I find graduations mostly boring, so I can understand the somewhat off-subject revelry.

My own graduation was pretty boring to be in. We had about 1000 people in the graduation and we were supposed to get up in rows and go up to the podium to get our prop diplomas (real ones were mailed later). Some people did things to liven it up however, like stand-up in a wave from one end to another. Pretty wild, not liked by the school officials. Heard about the year before when someone brought a chicken in under their gown and released it in the auditorium.
I was not at all interested in even attending my own college graduation.

Cheering people getting their diploma doesn't seen so bad to me. It happened at my son's graduation from the U of O a few years ago. I just wish I was closer to the stage and there were not so many people.

LizStreithorst

I didn't even go to mine.  I was glad to be free when I graduated.  I was expected to be everything that I am not.  All I wanted to do was put 4th through 12th grades behind me.  College was so much better.
Always move forward. Never look back.

Rjb3

I remember when I graduated high school in '72. I graduated with honors. Members of the National Honor Society were allowed to wear a gold rope draped over their shoulders during the graduation ceremony. The catch was they rented you the rope for $2 extra. I kept my $2 in my pocket. My thought was they should have given us the stupid rope.

big b

If you were one of the honor people, they should have at least given you the stupid rope for $2. Unless the rope was made of SOLID GOLD, I cant understand why they wouldn't give it to you.

BillT

QuoteI cant understand why they wouldn't give it to you.

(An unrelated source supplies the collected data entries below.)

lemma (in abelian_group) add_eq_add_iff_diff_eq:
  assumes "a \<in> carrier G" "c \<in> carrier G" "a' \<in> carrier G" "c' \<in> carrier G"
  shows "a \<oplus> c = a' \<oplus> c' \<longleftrightarrow> c \<ominus> c' = a' \<ominus> a"
proof -
  have "c \<ominus> c' = a' \<ominus> a \<longleftrightarrow> c = (a' \<ominus> a) \<oplus> c'"
    using assms by (simp add: minus_eq add.inv_solve_right')
  also have "\<dots> \<longleftrightarrow> a \<oplus> c = a \<oplus> ((a' \<ominus> a) \<oplus> c')"
    using assms by (simp add: minus_eq)
  also have "a \<oplus> ((a' \<ominus> a) \<oplus> c') = a' \<oplus> c'"
    using assms by (simp add: minus_eq a_assoc a_lcomm[of a'] r_neg2)
  finally show ?thesis by simp
qed

locale rmod =
  fixes R :: "('a, 'c) ring_scheme" and M :: "('a, 'b, 'd) rmodule_scheme"
  assumes right_module: "right_module R M"

sublocale rmod \<subseteq> R: ring R
  using right_module by (simp add: right_module_def)

sublocale rmod \<subseteq> abelian_group M
  using right_module by (simp add: right_module_def)

context rmod
begin

lemma rsmult_closed [simp]: "x \<in> carrier M \<Longrightarrow> r \<in> carrier R \<Longrightarrow> rsmult M x r \<in> carrier M"
  using right_module by (simp add: right_module_def)

lemma rsmult_add_left:
  "x \<in> carrier M \<Longrightarrow> y \<in> carrier M \<Longrightarrow> r \<in> carrier R \<Longrightarrow>
   rsmult M (x \<oplus>\<^bsub>M\<^esub> y) r = rsmult M x r \<oplus>\<^bsub>M\<^esub> rsmult M y r"
  using right_module by (simp add: right_module_def)

lemma rsmult_add_right:
  "x \<in> carrier M \<Longrightarrow> r \<in> carrier R \<Longrightarrow> s \<in> carrier R \<Longrightarrow>
   rsmult M x (r \<oplus>\<^bsub>R\<^esub> s) = rsmult M x r \<oplus>\<^bsub>M\<^esub> rsmult M x s"
  using right_module by (simp add: right_module_def)

lemma rsmult_assoc:
  "x \<in> carrier M \<Longrightarrow> r \<in> carrier R \<Longrightarrow> s \<in> carrier R \<Longrightarrow>
   rsmult M x (r \<otimes>\<^bsub>R\<^esub> s) = rsmult M (rsmult M x r) s"
  using right_module by (simp add: right_module_def)

lemma rsmult_one [simp]: "x \<in> carrier M \<Longrightarrow> rsmult M x \<one>\<^bsub>R\<^esub> = x"
  using right_module by (simp add: right_module_def)

lemma rsmult_zero_right [simp]: "x \<in> carrier M \<Longrightarrow> rsmult M x \<zero>\<^bsub>R\<^esub> = \<zero>\<^bsub>M\<^esub>"
  using rsmult_add_right[of x "\<zero>\<^bsub>R\<^esub>" "\<zero>\<^bsub>R\<^esub>"] by simp

lemma rsmult_zero_left [simp]: "r \<in> carrier R \<Longrightarrow> rsmult M \<zero>\<^bsub>M\<^esub> r = \<zero>\<^bsub>M\<^esub>"
  using rsmult_add_left[of "\<zero>\<^bsub>M\<^esub>" "\<zero>\<^bsub>M\<^esub>" r] by simp

lemma rsmult_minus_right:
  assumes "x \<in> carrier M" "r \<in> carrier R"
  shows "rsmult M x (\<ominus>\<^bsub>R\<^esub> r) = \<ominus>\<^bsub>M\<^esub> rsmult M x r"
proof -
  have "rsmult M x (\<ominus>\<^bsub>R\<^esub> r) \<oplus>\<^bsub>M\<^esub> rsmult M x r = \<zero>\<^bsub>M\<^esub>"
    using rsmult_add_right[of x "\<ominus>\<^bsub>R\<^esub> r" r] assms by (simp add: R.l_neg)
  then show ?thesis
    by (rule minus_equality[symmetric]) (use assms in simp_all)
qed

lemma rsmult_minus_left:
  assumes "x \<in> carrier M" "r \<in> carrier R"
  shows "rsmult M (\<ominus>\<^bsub>M\<^esub> x) r = \<ominus>\<^bsub>M\<^esub> rsmult M x r"
proof -
  have "rsmult M (\<ominus>\<^bsub>M\<^esub> x) r \<oplus>\<^bsub>M\<^esub> rsmult M x r = \<zero>\<^bsub>M\<^esub>"
    using rsmult_add_left[of "\<ominus>\<^bsub>M\<^esub> x" x r] assms by (simp add: l_neg)
  then show ?thesis
    by (rule minus_equality[symmetric]) (use assms in simp_all)
qed

lemma rsmult_diff_right:
  "x \<in> carrier M \<Longrightarrow> r \<in> carrier R \<Longrightarrow> s \<in> carrier R \<Longrightarrow>
   rsmult M x (r \<ominus>\<^bsub>R\<^esub> s) = rsmult M x r \<ominus>\<^bsub>M\<^esub> rsmult M x s"
  by (simp add: R.minus_eq minus_eq rsmult_add_right rsmult_minus_right)

lemma hom_sum_closed:
  assumes f: "f \<in> rmod_hom R M M" and g: "g \<in> rmod_hom R M M"
  shows "(\<lambda>x\<in>carrier M. f x \<oplus>\<^bsub>M\<^esub> g x) \<in> rmod_hom R M M"
proof (rule rmod_homI)
  fix x y assume x: "x \<in> carrier M" and y: "y \<in> carrier M"
  have "f (x \<oplus>\<^bsub>M\<^esub> y) \<oplus>\<^bsub>M\<^esub> g (x \<oplus>\<^bsub>M\<^esub> y) = (f x \<oplus>\<^bsub>M\<^esub> g x) \<oplus>\<^bsub>M\<^esub> (f y \<oplus>\<^bsub>M\<^esub> g y)"
    using x y f g by (simp add: rmod_hom_add rmod_hom_closed a_ac)
  then show "(\<lambda>x\<in>carrier M. f x \<oplus>\<^bsub>M\<^esub> g x) (x \<oplus>\<^bsub>M\<^esub> y) =
     (\<lambda>x\<in>carrier M. f x \<oplus>\<^bsub>M\<^esub> g x) x \<oplus>\<^bsub>M\<^esub> (\<lambda>x\<in>carrier M. f x \<oplus>\<^bsub>M\<^esub> g x) y"
    using x y by simp
qed (use f g in \<open>auto simp: rmod_hom_closed rmod_hom_rsmult rsmult_add_left\<close>)

lemma hom_comp_closed:
  "f \<in> rmod_hom R M N \<Longrightarrow> g \<in> rmod_hom R N P \<Longrightarrow> (\<lambda>x\<in>carrier M. g (f x)) \<in> rmod_hom R M P"
  by (rule rmod_homI) (simp_all add: rmod_hom_closed rmod_hom_add rmod_hom_rsmult)

lemma hom_id_closed: "(\<lambda>x\<in>carrier M. x) \<in> rmod_hom R M M"
  by (rule rmod_homI) auto

lemma hom_zero_closed: "(\<lambda>x\<in>carrier M. \<zero>\<^bsub>M\<^esub>) \<in> rmod_hom R M M"
  by (rule rmod_homI) auto

lemma hom_minus_closed: "f \<in> rmod_hom R M M \<Longrightarrow> (\<lambda>x\<in>carrier M. \<ominus>\<^bsub>M\<^esub> f x) \<in> rmod_hom R M M"
  by (rule rmod_homI)
    (simp_all add: rmod_hom_closed rmod_hom_add rmod_hom_rsmult rsmult_minus_left minus_add a_comm)

lemma ring_End_ring: "ring (End_ring R M)"
proof (rule ringI)
  show "abelian_group (End_ring R M)"
  proof (rule abelian_groupI, goal_cases)
    case (6 f)
    then show ?case
      by (intro bexI[of _ "\<lambda>x\<in>carrier M. \<ominus>\<^bsub>M\<^esub> f x"])
        (simp_all add: rmod_hom_closed l_neg hom_minus_closed cong: restrict_cong)
  qed (simp_all add: hom_sum_closed hom_zero_closed rmod_hom_closed rmod_hom_restrict a_ac
      cong: restrict_cong)
next
  show "monoid (End_ring R M)"
    by (rule monoidI)
      (simp_all add: hom_comp_closed hom_id_closed rmod_hom_closed rmod_hom_restrict cong: restrict_cong)
qed (auto simp: rmod_hom_closed rmod_hom_add cong: restrict_cong)

lemma End_ring_minus_apply:
  assumes f: "f \<in> rmod_hom R M M" and g: "g \<in> rmod_hom R M M" and x: "x \<in> carrier M"
  shows "(f \<ominus>\<^bsub>End_ring R M\<^esub> g) x = f x \<ominus>\<^bsub>M\<^esub> g x"
proof -
  interpret End: ring "End_ring R M" by (rule ring_End_ring)
  have "\<ominus>\<^bsub>End_ring R M\<^esub> g = (\<lambda>x\<in>carrier M. \<ominus>\<^bsub>M\<^esub> g x)"
    using g by (intro End.minus_equality)
      (auto simp: hom_minus_closed rmod_hom_closed l_neg)
  then show ?thesis
    using x by (simp add: End.minus_eq minus_eq)
qed

end

locale rmod_pair = M: rmod R M + N: rmod R N
  for R :: "('a, 'c) ring_scheme"
    and M :: "('a, 'b, 'd) rmodule_scheme" and N :: "('a, 'e, 'f) rmodule_scheme"

section \<open>Injective modules\<close>

definition linear_graph ::
  "('a, 'c) ring_scheme \<Rightarrow> ('a, 'b, 'd) rmodule_scheme \<Rightarrow> ('a, 'e, 'f) rmodule_scheme
     \<Rightarrow> ('b \<times> 'e) set \<Rightarrow> bool" where
  "linear_graph R M N G \<longleftrightarrow> G \<subseteq> carrier M \<times> carrier N \<and>
     (\<forall>a b b'. (a, b) \<in> G \<longrightarrow> (a, b') \<in> G \<longrightarrow> b = b') \<and>
     (\<forall>a b a' b'. (a, b) \<in> G \<longrightarrow> (a', b') \<in> G \<longrightarrow> (a \<oplus>\<^bsub>M\<^esub> a', b \<oplus>\<^bsub>N\<^esub> b') \<in> G) \<and>
     (\<forall>a b r. (a, b) \<in> G \<longrightarrow> r \<in> carrier R \<longrightarrow> (rsmult M a r, rsmult N b r) \<in> G)"

lemma injective_rmoduleD:
  assumes "injective_rmodule R E" "right_ideal R I" "f \<in> I \<rightarrow> carrier E"
    and "\<And>a b. a \<in> I \<Longrightarrow> b \<in> I \<Longrightarrow> f (a \<oplus>\<^bsub>R\<^esub> b) = f a \<oplus>\<^bsub>E\<^esub> f b"
    and "\<And>a r. a \<in> I \<Longrightarrow> r \<in> carrier R \<Longrightarrow> f (a \<otimes>\<^bsub>R\<^esub> r) = rsmult E (f a) r"
  shows "\<exists>e\<in>carrier E. \<forall>a\<in>I. f a = rsmult E e a"
  using assms unfolding injective_rmodule_def by blast

lemma linear_graphD:
  assumes "linear_graph R M N G"
  shows linear_graph_carrier: "(a, b) \<in> G \<Longrightarrow> a \<in> carrier M \<and> b \<in> carrier N"
    and linear_graph_functional: "(a, b) \<in> G \<Longrightarrow> (a, b') \<in> G \<Longrightarrow> b = b'"
    and linear_graph_add: "(a, b) \<in> G \<Longrightarrow> (a', b') \<in> G \<Longrightarrow> (a \<oplus>\<^bsub>M\<^esub> a', b \<oplus>\<^bsub>N\<^esub> b') \<in> G"
    and linear_graph_rsmult:
      "(a, b) \<in> G \<Longrightarrow> r \<in> carrier R \<Longrightarrow> (rsmult M a r, rsmult N b r) \<in> G"
  using assms unfolding linear_graph_def by blast+

lemma linear_graph_Union:
  assumes "subset.chain {G. linear_graph R M N G} C"
  shows "linear_graph R M N (\<Union>C)"
proof -
  have C: "\<And>G. G \<in> C \<Longrightarrow> linear_graph R M N G"
    and comparable: "\<And>U V. U \<in> C \<Longrightarrow> V \<in> C \<Longrightarrow> U \<subseteq> V \<or> V \<subseteq> U"
    using assms by (auto simp: subset_chain_def)
  have common: "\<exists>G\<in>C. p \<in> G \<and> q \<in> G" if "p \<in> \<Union>C" "q \<in> \<Union>C" for p q
    using that comparable by blast
  show ?thesis
    unfolding linear_graph_def
  proof (intro conjI allI impI subsetI)
    fix p assume "p \<in> \<Union>C"
    then obtain G where "G \<in> C" "p \<in> G"
      by blast
    then show "p \<in> carrier M \<times> carrier N"
      using linear_graph_carrier[OF C] by (cases p) blast
  next
    fix a b b' assume "(a, b) \<in> \<Union>C" "(a, b') \<in> \<Union>C"
    then obtain G where "G \<in> C" "(a, b) \<in> G" "(a, b') \<in> G"
      using common by blast
    then show "b = b'"
      using linear_graph_functional[OF C] by blast
  next
    fix a b a' b' assume "(a, b) \<in> \<Union>C" "(a', b') \<in> \<Union>C"
    then obtain G where "G \<in> C" "(a, b) \<in> G" "(a', b') \<in> G"
      using common by blast
    then show "(a \<oplus>\<^bsub>M\<^esub> a', b \<oplus>\<^bsub>N\<^esub> b') \<in> \<Union>C"
      using linear_graph_add[OF C] by blast
  next
    fix a b r assume "(a, b) \<in> \<Union>C" "r \<in> carrier R"
    then obtain G where "G \<in> C" "(a, b) \<in> G"
      by blast
    with \<open>r \<in> carrier R\<close> show "(rsmult M a r, rsmult N b r) \<in> \<Union>C"
      using linear_graph_rsmult[OF C] by blast
  qed
qed

context rmod_pair
begin

lemma hom_zero:
  assumes "f \<in> rmod_hom R M N"
  shows "f \<zero>\<^bsub>M\<^esub> = \<zero>\<^bsub>N\<^esub>"
proof -
  have "f \<zero>\<^bsub>M\<^esub> \<oplus>\<^bsub>N\<^esub> f \<zero>\<^bsub>M\<^esub> = f \<zero>\<^bsub>M\<^esub>"
    using rmod_hom_add[OF assms, of "\<zero>\<^bsub>M\<^esub>" "\<zero>\<^bsub>M\<^esub>"] by simp
  then show ?thesis
    using rmod_hom_closed[OF assms M.zero_closed] by simp
qed

lemma hom_minus:
  assumes f: "f \<in> rmod_hom R M N" and x: "x \<in> carrier M"
  shows "f (\<ominus>\<^bsub>M\<^esub> x) = \<ominus>\<^bsub>N\<^esub> f x"
proof -
  have "f (\<ominus>\<^bsub>M\<^esub> x) \<oplus>\<^bsub>N\<^esub> f x = \<zero>\<^bsub>N\<^esub>"
    using rmod_hom_add[OF f, of "\<ominus>\<^bsub>M\<^esub> x" x] hom_zero[OF f] x by (simp add: M.l_neg)
  then show ?thesis
    by (rule N.minus_equality[symmetric]) (use f x in \<open>simp_all add: rmod_hom_closed\<close>)
qed

lemma hom_diff:
  "f \<in> rmod_hom R M N \<Longrightarrow> x \<in> carrier M \<Longrightarrow> y \<in> carrier M \<Longrightarrow>
   f (x \<ominus>\<^bsub>M\<^esub> y) = f x \<ominus>\<^bsub>N\<^esub> f y"
  by (simp add: M.minus_eq N.minus_eq rmod_hom_add hom_minus)

lemma kernel_rsubmodule:
  assumes f: "f \<in> rmod_hom R M N"
  shows "rsubmodule R M {x \<in> carrier M. f x = \<zero>\<^bsub>N\<^esub>}"
  using f by (auto simp: rsubmodule_def hom_zero hom_minus rmod_hom_add rmod_hom_rsmult)

lemma image_rsubmodule:
  assumes f: "f \<in> rmod_hom R M N"
  shows "rsubmodule R N (f ` carrier M)"
  unfolding rsubmodule_def
proof (intro conjI ballI)
  show "f ` carrier M \<subseteq> carrier N"
    using rmod_hom_closed[OF f] by blast
  show "\<zero>\<^bsub>N\<^esub> \<in> f ` carrier M"
    using hom_zero[OF f, symmetric] by (rule image_eqI) simp
next
  fix y y' assume "y \<in> f ` carrier M" "y' \<in> f ` carrier M"
  then obtain x x' where x: "x \<in> carrier M" "x' \<in> carrier M" and "y = f x" "y' = f x'"
    by blast
  then have "y \<oplus>\<^bsub>N\<^esub> y' = f (x \<oplus>\<^bsub>M\<^esub> x')"
    by (simp add: rmod_hom_add[OF f])
  then show "y \<oplus>\<^bsub>N\<^esub> y' \<in> f ` carrier M"
    by (rule image_eqI) (use x in simp)
next
  fix y assume "y \<in> f ` carrier M"
  then obtain x where x: "x \<in> carrier M" and "y = f x"
    by blast
  then have "\<ominus>\<^bsub>N\<^esub> y = f (\<ominus>\<^bsub>M\<^esub> x)"
    by (simp add: hom_minus[OF f])
  then show "\<ominus>\<^bsub>N\<^esub> y \<in> f ` carrier M"
    by (rule image_eqI) (use x in simp)
next
  fix y r assume "y \<in> f ` carrier M" and r: "r \<in> carrier R"
  then obtain x where x: "x \<in> carrier M" and "y = f x"
    by blast
  then have "rsmult N y r = f (rsmult M x r)"
    by (simp add: rmod_hom_rsmult[OF f _ r])
  then show "rsmult N y r \<in> f ` carrier M"
    by (rule image_eqI) (use x r in simp)
qed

I am guessing that in general the schools don't really have time to do all this once a year special stuff, so they farm it all out to people who want to make money off of it. Thus, everything costs.

big b

Quote from: BillT on July 11, 2016, 10:11:04 PM
QuoteI cant understand why they wouldn't give it to you.

I am guessing that in general the schools don't really have time to do all this once a year special stuff, so they farm it all out to people who want to make money off of it. Thus, everything costs.
The only thing I understood was everything everything costs. I am guessing that whole thing as a long way of saying schools are cheap?